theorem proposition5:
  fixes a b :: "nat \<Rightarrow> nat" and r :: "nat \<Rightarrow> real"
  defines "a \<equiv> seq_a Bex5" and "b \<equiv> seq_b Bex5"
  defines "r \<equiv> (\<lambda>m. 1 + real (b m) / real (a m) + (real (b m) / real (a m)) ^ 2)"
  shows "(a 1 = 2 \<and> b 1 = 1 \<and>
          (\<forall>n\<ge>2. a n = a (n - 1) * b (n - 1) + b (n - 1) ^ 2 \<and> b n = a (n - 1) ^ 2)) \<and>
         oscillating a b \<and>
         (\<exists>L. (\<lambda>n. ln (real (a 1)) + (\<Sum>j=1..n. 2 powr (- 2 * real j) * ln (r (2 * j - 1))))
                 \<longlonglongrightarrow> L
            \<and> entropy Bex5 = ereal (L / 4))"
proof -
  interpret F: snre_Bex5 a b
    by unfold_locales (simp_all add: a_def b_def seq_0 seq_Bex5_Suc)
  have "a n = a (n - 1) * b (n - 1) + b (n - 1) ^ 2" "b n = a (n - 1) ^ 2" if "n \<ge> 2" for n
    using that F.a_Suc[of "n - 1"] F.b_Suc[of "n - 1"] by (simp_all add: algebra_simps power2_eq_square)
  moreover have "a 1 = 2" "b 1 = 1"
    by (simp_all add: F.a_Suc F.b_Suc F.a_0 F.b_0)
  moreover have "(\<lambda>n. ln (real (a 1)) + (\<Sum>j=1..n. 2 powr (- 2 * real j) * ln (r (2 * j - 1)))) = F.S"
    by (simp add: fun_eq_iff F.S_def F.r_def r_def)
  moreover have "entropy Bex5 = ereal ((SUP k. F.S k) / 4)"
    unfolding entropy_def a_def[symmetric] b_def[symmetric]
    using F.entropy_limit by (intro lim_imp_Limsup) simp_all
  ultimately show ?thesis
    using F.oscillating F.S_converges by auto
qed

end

▶ TASK OBJECTIVE:
From the line holding "using F.entropy_limit by" to the last line of the material above, reproduce every line exactly, and only those.

▶ ANSWER SPACE:
    using F.entropy_limit by (intro lim_imp_Limsup) simp_all
  ultimately show ?thesis
    using F.oscillating F.S_converges by auto
qed

end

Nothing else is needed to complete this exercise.